Brooklyn Nets: Midseason Grades

Kris Humphries, Joe Johnson, Brook Lopez, Deron Williams, Gerald Wallace
Seems like a lifetime ago. (AP)

P.J. Carlesimo

P.J. Carlesimo
P.J. Carlesimo’s grade not based on his suit choices. (AP)

How do you grade P.J. Carlesimo?

This isn’t a rhetorical question. Do you credit him for the team’s sudden resurgence with him at the helm? For the players playing with a different, renewed energy? If so, do you then fault him for the inevitable post-bump slide?

Do you fault him for barely changing the system, adding only more pick-and-rolls for Brook Lopez and occasional tweaks throughout his tenure? If so, do you then credit him for not changing too drastically, allowing the team to flourish in an offensive system it had grown accustomed to?

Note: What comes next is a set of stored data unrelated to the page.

(* Let $(\mathcal{P},\cdot)$ be a finite-dimensional simple admissible Poisson algebra which is not a nilalgebra. Then $\mathcal{P}$ has a unit element $1$ (with $1\cdot x=x\cdot 1=x$ for all $x$).
   Context: $\mathbb{K}$ is a field of characteristic different from $2$ and $3$. Associator: $A(X,Y,Z)=(X\cdot Y)\cdot Z-X\cdot(Y\cdot Z)$. An admissible Poisson algebra is a $\mathbb{K}$-vector space $\mathcal{P}$ with a bilinear product $\cdot$ satisfying $3A(X,Y,Z)=(X\cdot Z)\cdot Y+(Y\cdot Z)\cdot X-(Y\cdot X)\cdot Z-(Z\cdot X)\cdot Y$ for all $X,Y,Z$. $\mathcal{P}$ is simple if it has no two-sided ideals other than $\{0\}$ and $\mathcal{P}$, and $\mathcal{P}\cdot\mathcal{P}\neq\{0\}$. Powers: $X^1=X$, $X^{i+1}=X\cdot X^i$; $\mathcal{P}$ is a nilalgebra if every $X$ satisfies $X^r=0$ for some $r$. *)

theory Defs
  imports Complex_Main
begin

definition bilinear_product ::
  "('k::field \<Rightarrow> 'v::ab_group_add \<Rightarrow> 'v) \<Rightarrow> ('v \<Rightarrow> 'v \<Rightarrow> 'v) \<Rightarrow> bool" where
  "bilinear_product scale mult \<longleftrightarrow>
     (\<forall>x y z. mult (x + y) z = mult x z + mult y z) \<and>
     (\<forall>x y z. mult x (y + z) = mult x y + mult x z) \<and>
     (\<forall>c x y. mult (scale c x) y = scale c (mult x y)) \<and>
     (\<forall>c x y. mult x (scale c y) = scale c (mult x y))"

definition associator :: "('v::ab_group_add \<Rightarrow> 'v \<Rightarrow> 'v) \<Rightarrow> 'v \<Rightarrow> 'v \<Rightarrow> 'v \<Rightarrow> 'v" where
  "associator mult x y z = mult (mult x y) z - mult x (mult y z)"

definition admissible_poisson ::
  "('k::field \<Rightarrow> 'v::ab_group_add \<Rightarrow> 'v) \<Rightarrow> ('v \<Rightarrow> 'v \<Rightarrow> 'v) \<Rightarrow> bool" where
  "admissible_poisson scale mult \<longleftrightarrow>
     bilinear_product scale mult \<and>
     (\<forall>x y z. scale 3 (associator mult x y z) =
        mult (mult x z) y + mult (mult y z) x - mult (mult y x) z - mult (mult z x) y)"

definition two_sided_ideal ::
  "('k::field \<Rightarrow> 'v::ab_group_add \<Rightarrow> 'v) \<Rightarrow> ('v \<Rightarrow> 'v \<Rightarrow> 'v) \<Rightarrow> 'v set \<Rightarrow> bool" where
  "two_sided_ideal scale mult I \<longleftrightarrow>
     Modules.module.subspace scale I \<and> (\<forall>x\<in>I. \<forall>y. mult x y \<in> I \<and> mult y x \<in> I)"

definition simple_algebra ::
  "('k::field \<Rightarrow> 'v::ab_group_add \<Rightarrow> 'v) \<Rightarrow> ('v \<Rightarrow> 'v \<Rightarrow> 'v) \<Rightarrow> bool" where
  "simple_algebra scale mult \<longleftrightarrow>
     (\<forall>I. two_sided_ideal scale mult I \<longrightarrow> I = {0} \<or> I = UNIV) \<and>
     (\<exists>x y. mult x y \<noteq> 0)"

text \<open>Powers: ppow mult X n = X^(n+1), i.e. X^1 = X and X^(i+1) = X * X^i.\<close>
fun ppow :: "('v \<Rightarrow> 'v \<Rightarrow> 'v) \<Rightarrow> 'v \<Rightarrow> nat \<Rightarrow> 'v" where
  "ppow mult X 0 = X"
| "ppow mult X (Suc n) = mult X (ppow mult X n)"

definition nilalgebra :: "('v::zero \<Rightarrow> 'v \<Rightarrow> 'v) \<Rightarrow> bool" where
  "nilalgebra mult \<longleftrightarrow> (\<forall>X. \<exists>n. ppow mult X n = 0)"

end

theory Submission
  imports Defs
begin

text \<open>Write \<open>a \<circ> b = ab + ba\<close> (\<open>sym_prod\<close>) and \<open>[a, b] = ab - ba\<close> (\<open>commutator\<close>),
  so that \<open>ab = (a \<circ> b + [a, b]) / 2\<close>. Because 3 is invertible, the admissibility identity
  makes \<open>\<circ>\<close> commutative and associative and every \<open>[w, -]\<close> a derivation of \<open>\<circ>\<close>.
  As \<open>[x, x\<^sup>n] = 0\<close>, the powers of \<open>x\<close> for the two products differ by a factor \<open>2\<^sup>n\<close>,
  so a non-nilpotent element stays non-nilpotent for \<open>\<circ>\<close>, and Fitting's lemma in finite
  dimension yields a nonzero \<open>\<circ>\<close>-idempotent \<open>u\<close>. A derivation of a commutative associative
  algebra kills idempotents, so \<open>[w, u] = 0\<close> for all \<open>w\<close>; then \<open>{y. u \<circ> y = y}\<close> is a
  nonzero two-sided ideal, hence everything, and \<open>2u\<close> is the unit.\<close>

lemma ppow_eq_funpow: "ppow f x n = (f x ^^ n) x"
  by (induction n) simp_all

context vector_space
begin

lemma finite_dimensional_if_finite_span:
  assumes "finite B" "span B = UNIV"
  obtains A where "finite_dimensional_vector_space scale A"
proof -
  obtain A where A: "A \<subseteq> B" "independent A" "B \<subseteq> span A"
    using maximal_independent_subset[of B] by blast
  have "span A = UNIV"
    using assms(2) span_minimal[OF A(3)] by auto
  with A assms(1) have "finite_dimensional_vector_space scale A"
    by unfold_locales (auto intro: finite_subset)
  then show thesis ..
qed

lemma linear_funpow: "Vector_Spaces.linear scale scale f \<Longrightarrow> Vector_Spaces.linear scale scale (f ^^ n)"
  by (induction n) (simp_all add: linear_id Vector_Spaces.linear_compose)

lemma funpow_range_stabilizes:
  assumes "finite B" "span B = UNIV" and lin: "Vector_Spaces.linear scale scale f"
  shows "\<exists>k. \<forall>m\<ge>k. range (f ^^ m) = range (f ^^ k)"
proof -
  obtain A where "finite_dimensional_vector_space scale A"
    using finite_dimensional_if_finite_span assms(1,2) .
  then interpret finite_dimensional_vector_space scale A .
  define R where "R k = range (f ^^ k)" for k
  have subspace_R: "subspace (R k)" for k
    unfolding R_def using linear_funpow[OF lin] module_hom.subspace_image subspace_UNIV
    by (metis module_hom_iff_linear)
  have R_Suc: "R (Suc m) = f ` R m" for m
    unfolding R_def by (simp add: image_comp)
  obtain k where k: "dim (R k) = (LEAST d. \<exists>k. dim (R k) = d)"
    using LeastI_ex[of "\<lambda>d. \<exists>k. dim (R k) = d"] by blast
  have "R (Suc k) \<subseteq> R k"
    unfolding R_def by (auto simp del: funpow.simps simp: funpow_Suc_right)
  moreover have "dim (R k) \<le> dim (R (Suc k))"
    unfolding k by (rule Least_le) blast
  ultimately have R_eq: "R (Suc k) = R k"
    using subspace_dim_equal subspace_R by blast
  have "R m = R k" if "m \<ge> k" for m
    using that
  proof (induction m rule: dec_induct)
    case (step m)
    then show ?case using R_Suc R_eq by simp
  qed simp
  then show ?thesis unfolding R_def by blast
qed

end

locale bilinear_algebra = vector_space scale for scale :: "'k::field \<Rightarrow> 'v::ab_group_add \<Rightarrow> 'v" +
  fixes mult :: "'v \<Rightarrow> 'v \<Rightarrow> 'v"
  assumes bilinear: "bilinear_product scale mult"
begin

lemma mult_add_left: "mult (a + b) c = mult a c + mult b c"
  and mult_add_right: "mult a (b + c) = mult a b + mult a c"
  and mult_scale_left: "mult (scale r a) b = scale r (mult a b)"
  and mult_scale_right: "mult a (scale r b) = scale r (mult a b)"
  using bilinear unfolding bilinear_product_def by blast+

lemma linear_mult_left: "Vector_Spaces.linear scale scale (mult a)"
  by (simp add: Vector_Spaces.linear_iff vector_space_axioms mult_add_right mult_scale_right)

lemma additive_mult_left: "additive (\<lambda>a. mult a b)"
  and additive_mult_right: "additive (mult a)"
  by (simp_all add: additive_def mult_add_left mult_add_right)

lemmas mult_zero_left [simp] = additive.zero[OF additive_mult_left]
  and mult_zero_right [simp] = additive.zero[OF additive_mult_right]
  and mult_diff_left = additive.diff[OF additive_mult_left]
  and mult_diff_right = additive.diff[OF additive_mult_right]

end

locale comm_assoc_algebra = bilinear_algebra +
  assumes mult_commute: "mult a b = mult b a"
    and mult_assoc: "mult (mult a b) c = mult a (mult b c)"
begin

lemma mult_left_commute: "mult a (mult b c) = mult b (mult a c)"
  by (metis mult_assoc mult_commute)

lemmas mult_ac = mult_assoc mult_commute mult_left_commute

lemma funpow_mult_eq_mult_ppow: "(mult x ^^ Suc k) z = mult (ppow mult x k) z"
  by (induction k) (simp_all add: mult_assoc)

lemma ppow_Suc_add: "ppow mult x (Suc (i + j)) = mult (ppow mult x i) (ppow mult x j)"
  by (simp only: ppow_eq_funpow add_Suc[symmetric] funpow_add comp_apply funpow_mult_eq_mult_ppow)

lemma idempotent_if_not_nilalgebra:
  assumes "finite B" "span B = UNIV" and "\<not> nilalgebra mult"
  obtains u where "u \<noteq> 0" "mult u u = u"
proof -
  obtain x where x: "ppow mult x n \<noteq> 0" for n
    using assms(3) unfolding nilalgebra_def by blast
  obtain k where k: "\<forall>m\<ge>k. range (mult x ^^ m) = range (mult x ^^ k)"
    using funpow_range_stabilizes[OF assms(1,2) linear_mult_left] by blast
  txt \<open>\<open>a = x\<^sup>k\<^sup>+\<^sup>1\<close> lies in the stable image, so \<open>a = a\<^sup>2 z\<close>; then \<open>u = az\<close> is idempotent
    and \<open>au = a\<close>.\<close>
  define a where "a = ppow mult x k"
  have "a \<in> range (mult x ^^ Suc (Suc (k + k)))"
    using k unfolding a_def ppow_eq_funpow by (metis le_add1 add_Suc_right rangeI)
  then obtain z where "a = (mult x ^^ Suc (Suc (k + k))) z"
    by blast
  then have az: "a = mult (mult a a) z"
    by (simp only: funpow_mult_eq_mult_ppow ppow_Suc_add a_def)
  define u where "u = mult a z"
  have "mult u u = mult (mult (mult a a) z) z"
    unfolding u_def by (simp only: mult_ac)
  also have "\<dots> = u"
    unfolding u_def by (simp only: az[symmetric])
  finally have idem: "mult u u = u" .
  moreover have "mult a u = a"
    unfolding u_def by (simp only: mult_assoc[symmetric] az[symmetric])
  moreover have "a \<noteq> 0"
    using x unfolding a_def by simp
  ultimately have "u \<noteq> 0"
    by (metis mult_zero_right)
  with idem show thesis
    using that by blast
qed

Do you credit him for giving the bench players a longer leash? Do you fault him for leaving Mirza Teletovic in to throw up three consecutive airballs? Do you credit him for his decision to go big, or fault him for his resistance to going small?

Here’s what we do know. The Brooklyn Nets have won more games in less time under P.J. Carlesimo than they did under Avery Johnson. They’ve had an improved offense, albeit without changing many of its principles. They’ve shown an increased effort level defensively. They’ve blown out Oklahoma City, beaten a tough Indiana team twice (once without Deron Williams), and the cross-bridge rival Knicks. His brash, intense style has proved a sharp contrast from the differently intense Johnson, and the team has responded to it. The players like him. The front office likes him. He’ll almost without question see this team through the end of the season, and he’s earned that.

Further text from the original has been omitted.